Original Fairy problems
JF-R2021-22:
01.01.2021 - 31.12.2022
No. 1684 János Csák &
Béla Majoros
Hungary
original - 25.01.2022
white Pg2g3b7 Kh5
black Pd2d3g7 Ke3 Bh8a8
h#2 b) bBa8<-->bBh8 4+6
legality / shadow solution?
legality / shadow solution?
Solution: (click to show/hide)
No. 1684.1 János Csák &
Béla Majoros
Hungary
version of No.1684 - 28.02.2022
white Pg2g3f7a7 Kh5
black Pd2d3f4g7 Ke3 Bh8g8
h#2 b) bBg8<-->bBh8 5+7
legality / shadow solution?
legality / shadow solution?
Solution: (click to show/hide)
I think this is a very good chess joke, with a brilliantly original conceit. In a joke problem, the solver must go beyond the stipulation to imagine what the composers might be getting at. A joke may or may not be fairy. This one probably is because the mechanism you supply. The switch of two identical units is a wonderful idea. However I think that your solution needs to include a story for why it’s Bh8 and not Pg7 which is the shadow. Of course an illegal position may be explained in many ways (including just saying it’s illegal so what) but that doesn’t make it fairy.
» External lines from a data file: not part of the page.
theorem theorem7p1:
  fixes G :: "('m::finite, 'n::finite) arr \<Rightarrow> real \<Rightarrow> ('m, 'n) arr"
    and z0 :: "('m, 'n) arr" and lam0 :: real
  assumes m2: "CARD('m) \<ge> 2" and n2: "CARD('n) \<ge> 2"
    and smooth: "smooth_map (\<lambda>p. G (fst p) (snd p))"
    and adm: "\<forall>l. admissible (\<lambda>z. G z l)"
    and sync: "z0 \<in> Vs" and eq: "G z0 lam0 = 0"
    and ker: "{w. frechet_derivative (\<lambda>z. G z lam0) (at z0) w = 0} = Vc"
    and generic:
      "\<forall>zs v. zs lam0 = z0 \<and> continuous (at lam0) zs \<and> (\<forall>l. zs l \<in> Vs)
            \<and> (\<forall>\<^sub>F l in at lam0. G (zs l) l = 0) \<and> v \<in> Vc \<and> v \<noteq> 0
         \<longrightarrow> (\<exists>d. d \<noteq> 0 \<and>
               ((\<lambda>l. inner (frechet_derivative (\<lambda>z. G z l) (at (zs l)) v) v)
                  has_real_derivative d) (at lam0))"
  shows "\<forall>k. 1 \<le> k \<and> k \<le> CARD('n) - 1 \<longrightarrow>
    (\<exists>K \<epsilon> z lam zs v.
        card K = k \<and> \<epsilon> > 0
      \<and> continuous_on {-\<epsilon><..<\<epsilon>} z \<and> continuous_on {-\<epsilon><..<\<epsilon>} lam
      \<and> z 0 = z0 \<and> lam 0 = lam0
      \<and> (\<forall>t\<in>{-\<epsilon><..<\<epsilon>}. G (z t) (lam t) = 0)
      \<and> (\<forall>t\<in>{-\<epsilon><..<\<epsilon>}. t \<noteq> 0 \<longrightarrow>
            isotropy (z t) = full_axial_sub K
          \<and> z t \<in> Fix (axial_sub K)
          \<and> z t \<in> Fix rowperm_sub
          \<and> z t \<in> {a + b | a b. a \<in> Vc \<and> b \<in> Vs}
          \<and> consensus (z t))
      \<and> zs lam0 = z0 \<and> continuous (at lam0) zs \<and> (\<forall>l. zs l \<in> Vs)
      \<and> (\<forall>\<^sub>F l in at lam0. G (zs l) l = 0)
      \<and> v \<in> Vc \<and> v \<noteq> 0
      \<and> ((\<lambda>t. (z t - zs (lam t) - t *\<^sub>R v) /\<^sub>R t) \<longlongrightarrow> 0) (at 0))"
proof -
  have "\<exists>K. card K = k \<and> axial_consensus_branch G z0 lam0 K" if k: "1 \<le> k \<and> k \<le> CARD('n) - 1" for k
  proof -
    have "k < CARD('n)"
      using k by (metis diff_less le_less_trans less_one not_le zero_less_card_finite)
    then obtain K :: "'n set" where K: "card K = k"
      using obtain_subset_with_card_n[of k "UNIV :: 'n set"] by auto
    moreover have "K \<noteq> {}" and "K \<noteq> UNIV"
      using K k \<open>k < CARD('n)\<close> by auto
    ultimately obtain j1 j2 where "j1 \<in> K" "j2 \<notin> K"
      by blast
    \<comment> \<open>any row will do: it only selects entries of consensus arrays\<close>
    then interpret consensus_bifurcation G z0 lam0 K j1 j2 undefined
      using smooth adm sync eq ker by unfold_locales
    show ?thesis
      using K consensus_branch[OF generic] by blast
  qed
  then show ?thesis
    unfolding axial_consensus_branch_def by blast
qed

end
(* For every $f\in\mathfrak N_0$, $(h\hat S-\hat Sh)f=-if$, and for every $f\in\mathfrak N_1$, $(h\hat S^*-\hat S^*h)f=-if$.
   Context: Work in $L^2(\mathbb{R})$; $q$ is multiplication by $x$, $p=-i\,d/dx$, $h=\frac12(p^2+q^2)$ on $D(p^2)\cap D(q^2)$. Let $\mathbb{H}=\{z:\operatorname{Im}z>0\}$, $\xi_z(x)=e^{izx^2/2}$, $\mathscr{C}(z)=\frac{z-i}{z+i}$, $\log w=\log|w|+i\arg w$ with $-\pi\le\arg w<\pi$. For $z\in\mathbb H\setminus\{i\}$ set $L_0(z)=\log(-\mathscr C(z))$ and $L_k(z)=\frac{d^{k-1}}{dz^{k-1}}\frac{2i}{1+z^2}$ for $k\ge1$. For $n\ge0$ let $[t_z^nL](x,z)=\sum_{k=0}^n\binom nkx^{2(n-k)}(-2i)^kL_k(z)$ (i.e. $(x^2-2i\,\frac{d}{dz})^n$ applied to $\log(-\mathscr C(z))$), and for a polynomial $\rho(s)=\sum c_ns^n$ let $[\rho(t_z)L]=\sum c_n[t^n_zL]$. $\mathfrak N_0$ is the span of $\{\rho(x^2)\xi_z:\rho$ polynomial, $z\in\mathbb H\setminus\{i\}\}$ and $\mathfrak N_1$ the span of $\{\rho(x^2)x\xi_z\}$ (same ranges). The linear operators $\hat S$ on $\mathfrak N_0$ and $\hat S^*$ on $\mathfrak N_1$ (notation only) are defined by $\hat S(\rho(x^2)\xi_z)=\frac i2[\rho(t_z)L](x,z)\xi_z$ and $\hat S^*(\rho(x^2)x\xi_z)=\frac i2[\rho(t_z)L](x,z)x\xi_z$, extended linearly. *)

theory Defs
  imports "HOL-Analysis.Analysis" "HOL-Computational_Algebra.Polynomial"
begin

text \<open>Functions on the real line are represented as maps real \<Rightarrow> complex
  (smooth representatives of the L2 classes).\<close>

definition hop :: "(real \<Rightarrow> complex) \<Rightarrow> real \<Rightarrow> complex" where
  "hop f x = (1/2) * (- vector_derivative (\<lambda>y. vector_derivative f (at y)) (at x)
                     + complex_of_real (x^2) * f x)"
(* For all $m\in\mathbb N$, all $\epsilon\in(0,1)$ and all $c\in(0,1/5)$, $$\mathbb E_{\theta^\circ}P_{\vartheta^m|Y}\Big(\|\vartheta^m-\theta^\circ\|^2> b_m+3\bar\sigma_m+\tfrac32 m\,\sigma_{(m)}+4r_m\Big)\le 2\exp(-m/36),$$ $$\mathbb E_{\theta^\circ}P_{\vartheta^m|Y}\Big(\|\vartheta^m-\theta^\circ\|^2< b_m+\bar\sigma_m-4c\,(m\,\sigma_{(m)}+r_m)\Big)\le 2\exp(-c^2m/2).$$
   Context: Let $\ell^2$ be the space of square-summable real sequences with norm $\|\cdot\|$. Fix a bounded real sequence $\lambda=(\lambda_j)_{j\ge1}$ with $\lambda_j\ne0$ for all $j$, a noise level $\epsilon\in(0,1)$ and a true parameter $\theta^\circ\in\ell^2$. The data $Y=(Y_j)_{j\ge1}$ satisfy $Y_j=\lambda_j\theta^\circ_j+\sqrt\epsilon\,\xi_j$ with $\xi_j$ i.i.d. $N(0,1)$; $\mathbb E_{\theta^\circ}$, $P_{\theta^\circ}$ denote expectation and probability under this law. Fix prior means $\eta=(\eta_j)_{j\ge1}$ with $\theta^\circ-\eta\in\ell^2$ and prior variances $\tau_j\in(0,\infty)$ (possibly depending on $\epsilon$). For $m\in\mathbb N$ the sieve prior $P_{\vartheta^m}$ is the law of $\vartheta^m=(\vartheta^m_j)_{j\ge1}$ with independent coordinates, $\vartheta^m_j\sim N(\eta_j,\tau_j)$ for $j\le m$ and $\vartheta^m_j=\eta_j$ a.s. for $j>m$, in the model $Y_j=\lambda_j\vartheta^m_j+\sqrt\epsilon\xi_j$ with $\vartheta^m$ independent of $(\xi_j)$. Put $\sigma_j:=(\lambda_j^2\epsilon^{-1}+\tau_j^{-1})^{-1}$ and $\theta^Y_j:=\sigma_j(\tau_j^{-1}\eta_j+\lambda_j\epsilon^{-1}Y_j)$. The posterior $P_{\vartheta^m|Y}$ makes the coordinates independent with $\vartheta^m_j\sim N(\theta^Y_j,\sigma_j)$ for $j\le m$ and $\vartheta^m_j=\eta_j$ for $j>m$; the Bayes estimator is $\hat\theta^m:=\mathbb E[\vartheta^m|Y]$, i.e. $\hat\theta^m_j=\theta^Y_j$ for $j\le m$, $\hat\theta^m_j=\eta_j$ for $j>m$. Define $b_m:=\sum_{j>m}(\theta^\circ_j-\eta_j)^2$, $\bar\sigma_m:=\sum_{j=1}^m\sigma_j$, $\sigma_{(m)}:=\max_{1\le j\le m}\sigma_j$, $r_m:=\sum_{j=1}^m\sigma_j^2\tau_j^{-2}(\eta_j-\theta^\circ_j)^2$. *)

theory Defs
  imports "HOL-Probability.Probability"
begin

text \<open>Sequences are indexed from 0: coordinate j of the paper corresponds to j-1 here,
so the first m coordinates are the indices in {..<m}.\<close>

definition post_var :: "(nat \<Rightarrow> real) \<Rightarrow> real \<Rightarrow> (nat \<Rightarrow> real) \<Rightarrow> nat \<Rightarrow> real" where
  "post_var lam eps tau j = inverse ((lam j)\<^sup>2 / eps + inverse (tau j))"
lemma row0_reduced_mat_not_eigenvalue_0:
  fixes L :: "'a :: field mat"
  assumes L: "L \<in> carrier_mat (Suc m) (Suc m)"
    and kernel: "\<And>w. w \<in> carrier_vec (Suc m) \<Longrightarrow> L *\<^sub>v w = 0\<^sub>v (Suc m) \<Longrightarrow> \<exists>c. w = c \<cdot>\<^sub>v vec (Suc m) (\<lambda>_. 1)"
    and ones_not_in_range: "\<And>w. w \<in> carrier_vec (Suc m) \<Longrightarrow> L *\<^sub>v w \<noteq> vec (Suc m) (\<lambda>_. 1)"
  shows "\<not> eigenvalue (row0_reduced_mat m L) 0"
proof
  let ?n = "Suc m" and ?B = "row0_reduced_mat m L"
  have B: "?B \<in> carrier_mat m m" by (simp add: row0_reduced_mat_def)
  assume "eigenvalue ?B 0"
  then obtain v where v: "v \<in> carrier_vec m" "v \<noteq> 0\<^sub>v m" "?B *\<^sub>v v = 0 \<cdot>\<^sub>v v"
    using B unfolding eigenvalue_def eigenvector_def by auto
  define w where "w = vec ?n (\<lambda>i. if i = 0 then 0 else v $ (i - 1))"
  have w: "w \<in> carrier_vec ?n" unfolding w_def by simp
  have Lw: "(L *\<^sub>v w) $ i = (\<Sum>l<m. L $$ (i, Suc l) * v $ l)" if "i < ?n" for i
    using L that
    by (simp add: scalar_prod_def w_def atLeast0LessThan sum.lessThan_Suc_shift del: sum.lessThan_Suc)
  have "(L *\<^sub>v w) $ Suc k = (L *\<^sub>v w) $ 0" if k: "k < m" for k
  proof -
    have "(L *\<^sub>v w) $ Suc k - (L *\<^sub>v w) $ 0 = (?B *\<^sub>v v) $ k"
      using k v(1) B
      by (simp add: Lw scalar_prod_def row0_reduced_mat_def lessThan_atLeast0 sum_subtractf left_diff_distrib)
    then show ?thesis using arg_cong[OF v(3), of "\<lambda>u. u $ k"] v(1) k by simp
  qed
  then have Lw_const: "L *\<^sub>v w = (L *\<^sub>v w) $ 0 \<cdot>\<^sub>v vec ?n (\<lambda>_. 1)"
    using L by (intro eq_vecI) (auto simp: less_Suc_eq_0_disj)
  define c where "c = (L *\<^sub>v w) $ 0"
  have "c = 0"
  proof (rule ccontr)
    assume "c \<noteq> 0"
    then have "L *\<^sub>v (inverse c \<cdot>\<^sub>v w) = vec ?n (\<lambda>_. 1)"
      using mult_mat_vec[OF L w] Lw_const by (simp add: c_def[symmetric] smult_smult_assoc)
    then show False using ones_not_in_range w by simp
  qed
  then have "L *\<^sub>v w = 0\<^sub>v ?n" using Lw_const unfolding c_def by auto
  then obtain c where "w = c \<cdot>\<^sub>v vec ?n (\<lambda>_. 1)" using kernel w by blast
  moreover have "w $ 0 = 0" by (simp add: w_def)
  ultimately have "w = 0\<^sub>v ?n" by auto
  have "v = 0\<^sub>v m"
  proof (intro eq_vecI)
    fix l assume "l < dim_vec (0\<^sub>v m :: 'a vec)"
    then show "v $ l = 0\<^sub>v m $ l"
      using arg_cong[OF \<open>w = 0\<^sub>v ?n\<close>, of "\<lambda>u. u $ Suc l"] by (simp add: w_def)
  qed (use v(1) in simp)
  with v(2) show False ..
qed

lemma order_zero_char_poly_eq_1:
  fixes L :: "'a :: field mat"
  assumes L: "L \<in> carrier_mat n n" and n: "0 < n"
    and ones_in_kernel: "L *\<^sub>v vec n (\<lambda>_. 1) = 0\<^sub>v n"
    and kernel: "\<And>w. w \<in> carrier_vec n \<Longrightarrow> L *\<^sub>v w = 0\<^sub>v n \<Longrightarrow> \<exists>c. w = c \<cdot>\<^sub>v vec n (\<lambda>_. 1)"
    and ones_not_in_range: "\<And>w. w \<in> carrier_vec n \<Longrightarrow> L *\<^sub>v w \<noteq> vec n (\<lambda>_. 1)"
  shows "order 0 (char_poly L) = 1"
proof -
  obtain m where nm: "n = Suc m" using n gr0_implies_Suc by blast
  have B: "row0_reduced_mat m L \<in> carrier_mat m m" by (simp add: row0_reduced_mat_def)
  have "(\<Sum>j<n. L $$ (i, j)) = 0" if "i < n" for i
    using arg_cong[OF ones_in_kernel, of "\<lambda>u. u $ i"] L that
    by (simp add: scalar_prod_def lessThan_atLeast0)
  then have char_poly_L: "char_poly L = monom 1 1 * char_poly (row0_reduced_mat m L)"
    using char_poly_zero_row_sums[of L m] L nm by simp
  have "\<not> eigenvalue (row0_reduced_mat m L) 0"
    using row0_reduced_mat_not_eigenvalue_0[of L m] L kernel ones_not_in_range unfolding nm by blast
  then have "poly (char_poly (row0_reduced_mat m L)) 0 \<noteq> 0"
    using eigenvalue_root_char_poly[OF B] by simp
  moreover have "char_poly L \<noteq> 0" using degree_monic_char_poly[OF L] by auto
  ultimately show ?thesis
    unfolding char_poly_L by (subst order_mult) (auto simp: order_0I)
qed
lemma coord_perm_permutes:
  assumes \<sigma>: "\<sigma> permutes {..<k}"
  shows "coord_perm k s \<sigma> permutes idx k s"
proof (rule inj_imp_permutes[OF _ finite_idx])
  show "inj_on (coord_perm k s \<sigma>) (idx k s)"
  proof (rule inj_onI)
    fix xs ys assume xs: "xs \<in> idx k s" and ys: "ys \<in> idx k s"
      and eq: "coord_perm k s \<sigma> xs = coord_perm k s \<sigma> ys"
    have "\<forall>j\<in>{..<k}. xs ! \<sigma> j = ys ! \<sigma> j"
      using eq nth_coord_perm[OF \<sigma> xs] nth_coord_perm[OF \<sigma> ys] by (metis lessThan_iff)
    then have "\<forall>m\<in>\<sigma> ` {..<k}. xs ! m = ys ! m" by blast
    then show "xs = ys" using xs ys by (intro idx_eqI) (auto simp: permutes_image[OF \<sigma>])
  qed
  show "\<And>xs. xs \<in> idx k s \<Longrightarrow> coord_perm k s \<sigma> xs \<in> idx k s" by (rule coord_perm_in_idx[OF \<sigma>])
qed (simp add: coord_perm_def)

lemma
  assumes "j < k" "\<rho> permutes {..<s}" "xs \<in> idx k s"
  shows sym_perm_in_idx: "sym_perm k s j \<rho> xs \<in> idx k s"
    and nth_sym_perm: "m < k \<Longrightarrow> sym_perm k s j \<rho> xs ! m = (if m = j then \<rho> (xs ! j) else xs ! m)"
  using assms permutes_in_image[OF assms(2)] by (auto simp: sym_perm_def mem_idx_iff nth_list_update)

lemma sym_perm_permutes:
  assumes j: "j < k" and \<rho>: "\<rho> permutes {..<s}"
  shows "sym_perm k s j \<rho> permutes idx k s"
proof (rule inj_imp_permutes[OF _ finite_idx])
  show "inj_on (sym_perm k s j \<rho>) (idx k s)"
  proof (rule inj_onI)
    fix xs ys assume xs: "xs \<in> idx k s" and ys: "ys \<in> idx k s"
      and eq: "sym_perm k s j \<rho> xs = sym_perm k s j \<rho> ys"
    have "xs ! m = ys ! m" if "m < k" for m
      using arg_cong[OF eq, of "\<lambda>zs. zs ! m"] nth_sym_perm[OF j \<rho> xs that] nth_sym_perm[OF j \<rho> ys that]
        permutes_inj[OF \<rho>] by (auto split: if_splits dest: injD)
    then show "xs = ys" using xs ys by (rule idx_eqI[rotated 2])
  qed
  show "\<And>xs. xs \<in> idx k s \<Longrightarrow> sym_perm k s j \<rho> xs \<in> idx k s" by (rule sym_perm_in_idx[OF j \<rho>])
qed (simp add: sym_perm_def)

lemma iso_gens_permutes: "g \<in> iso_gens k s \<Longrightarrow> g permutes idx k s"
  unfolding iso_gens_def using coord_perm_permutes sym_perm_permutes by blast

lemma G_iso_permutes: "\<pi> \<in> G_iso k s \<Longrightarrow> \<pi> permutes idx k s"
  by (induction rule: G_iso.induct) (metis permutes_id, metis permutes_compose iso_gens_permutes)

lemma finite_G_iso: "finite (G_iso k s)"
  using finite_permutations[OF finite_idx] G_iso_permutes
  by (metis (mono_tags) mem_Collect_eq rev_finite_subset subsetI)

lemma iso_gens_in_G_iso: "g \<in> iso_gens k s \<Longrightarrow> g \<in> G_iso k s"
  using G_iso.iso_step[OF G_iso.iso_id] by simp

lemma G_iso_comp: "\<pi> \<in> G_iso k s \<Longrightarrow> \<pi>' \<in> G_iso k s \<Longrightarrow> \<pi> \<circ> \<pi>' \<in> G_iso k s"
  by (induction rule: G_iso.induct) (auto simp: o_assoc[symmetric] intro: G_iso.iso_step)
We are very glad you like our chess problem!
Yes, it has a funny but serious foundation.
The idea is, how can it be justified to swap two pieces of the same color and the same quality (such as two black Bishop) in a problem?
We found out: illegal (shadov) piece, illegal (shadov) solutions.
The bPg7 is legal by default, making h8bB illegal.
The question is, if we exchange an illegal and legal piecet (of the same color and the same quality), will our legal-illegal nature also be reversed?
There are definitions for legal move and legal position, but what is exactly a legal piece? And why bPg7 is legal by default?
In my opinion, the illegal piece could not get to the position with a regular step from its original position. A piece in its original position is not considered illegal.
A) (8/8/8/8/8/8/PPPPPPPP/6B1) g1wB is illegal,
B) (8/8/8/8/8/8/PPPPPPP1/6B1) g1wB is legal but promoted,
C) (8/8/8/8/8/8/P1PPPPP1/6B1) g1wB is legal.
But we do not know that the bPg7 is the original bPg7!
As the given position is not a result of series of legal moves from the starting position, the bPg7 could have come from h7 with an illegal move h7-g7 – that is the point.
I’ll try to summarise the intended logic of the composers:
a) BBh8 is obviously illegal. A solution involving an illegal piece is not allowed. So, 1.g5 bxa8Q 2.Bd4 Qf3# is not allowed and only 1.Ke4 b8=Q 2.Bd5 Qf4# works.
b) The illegal BB is now sitting on a8, therefore according to the above argument, 1.Ke4 b8=Q 2.Bd5 Qf4# is now not allowed. But now 1.g5 bxa8Q 2.Bd4 Qf3# works as the legal BB is now on h8!
So, it’s a combination of retro logic and “something is true because I say it is” logic.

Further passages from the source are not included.